Your instructions: Would you copy each line of the records that includes the word "dimensional"?

────────

(* Let $A,B,A',B'$ be finite-dimensional physical systems with $|A||B|=|A'||B'|$, and let $\mathcal{U}(X)=UXU^*$ be a unitary channel from $AB$ to $A'B'$ that is Gibbs preserving, i.e. $\mathcal{U}(\gamma^{A}\otimes\gamma^{B})=\gamma^{A'}\otimes\gamma^{B'}$. Then the map defined for all states $\omega$ of $A$ by $$\mathcal{N}^{A\to A'}(\omega^A)\coloneqq \mathrm{Tr}_{B'}\left[\mathcal{U}^{AB\to A'B'}\left(\omega^A\otimes\gamma^B\right)\right]$$ is a thermal operation from $A$ to $A'$.
   Context: Every physical system $X$ is finite dimensional and has a Hamiltonian $H^X$ (a Hermitian, positive semidefinite operator); composite systems of non-interacting parts have Hamiltonian $H^{XY}=H^X\otimes I^Y+I^X\otimes H^Y$. A fixed inverse temperature $\beta>0$ is given, and the Gibbs state of $X$ is $\gamma^X=e^{-\beta H^X}/\mathrm{Tr}[e^{-\beta H^X}]$ (so $\gamma^{XY}=\gamma^X\otimes\gamma^Y$). A thermal operation from $A$ to $A'$ is a quantum channel (CPTP map) obtainable by composing the following three steps: (i) appending any system $C$ prepared in its Gibbs state $\gamma^C$; (ii) applying a unitary on a composite system that commutes with the total Hamiltonian of that composite system; (iii) tracing out (discarding) subsystems. *)

theory Defs
  imports "Jordan_Normal_Form.Schur_Decomposition"
begin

────────

Answer space:
(* Let $A,B,A',B'$ be finite-dimensional physical systems with $|A||B|=|A'||B'|$, and let $\mathcal{U}(X)=UXU^*$ be a unitary channel from $AB$ to $A'B'$ that is Gibbs preserving, i.e. $\mathcal{U}(\gamma^{A}\otimes\gamma^{B})=\gamma^{A'}\otimes\gamma^{B'}$. Then the map defined for all states $\omega$ of $A$ by $$\mathcal{N}^{A\to A'}(\omega^A)\coloneqq \mathrm{Tr}_{B'}\left[\mathcal{U}^{AB\to A'B'}\left(\omega^A\otimes\gamma^B\right)\right]$$ is a thermal operation from $A$ to $A'$.
   Context: Every physical system $X$ is finite dimensional and has a Hamiltonian $H^X$ (a Hermitian, positive semidefinite operator); composite systems of non-interacting parts have Hamiltonian $H^{XY}=H^X\otimes I^Y+I^X\otimes H^Y$. A fixed inverse temperature $\beta>0$ is given, and the Gibbs state of $X$ is $\gamma^X=e^{-\beta H^X}/\mathrm{Tr}[e^{-\beta H^X}]$ (so $\gamma^{XY}=\gamma^X\otimes\gamma^Y$). A thermal operation from $A$ to $A'$ is a quantum channel (CPTP map) obtainable by composing the following three steps: (i) appending any system $C$ prepared in its Gibbs state $\gamma^C$; (ii) applying a unitary on a composite system that commutes with the total Hamiltonian of that composite system; (iii) tracing out (discarding) subsystems. *)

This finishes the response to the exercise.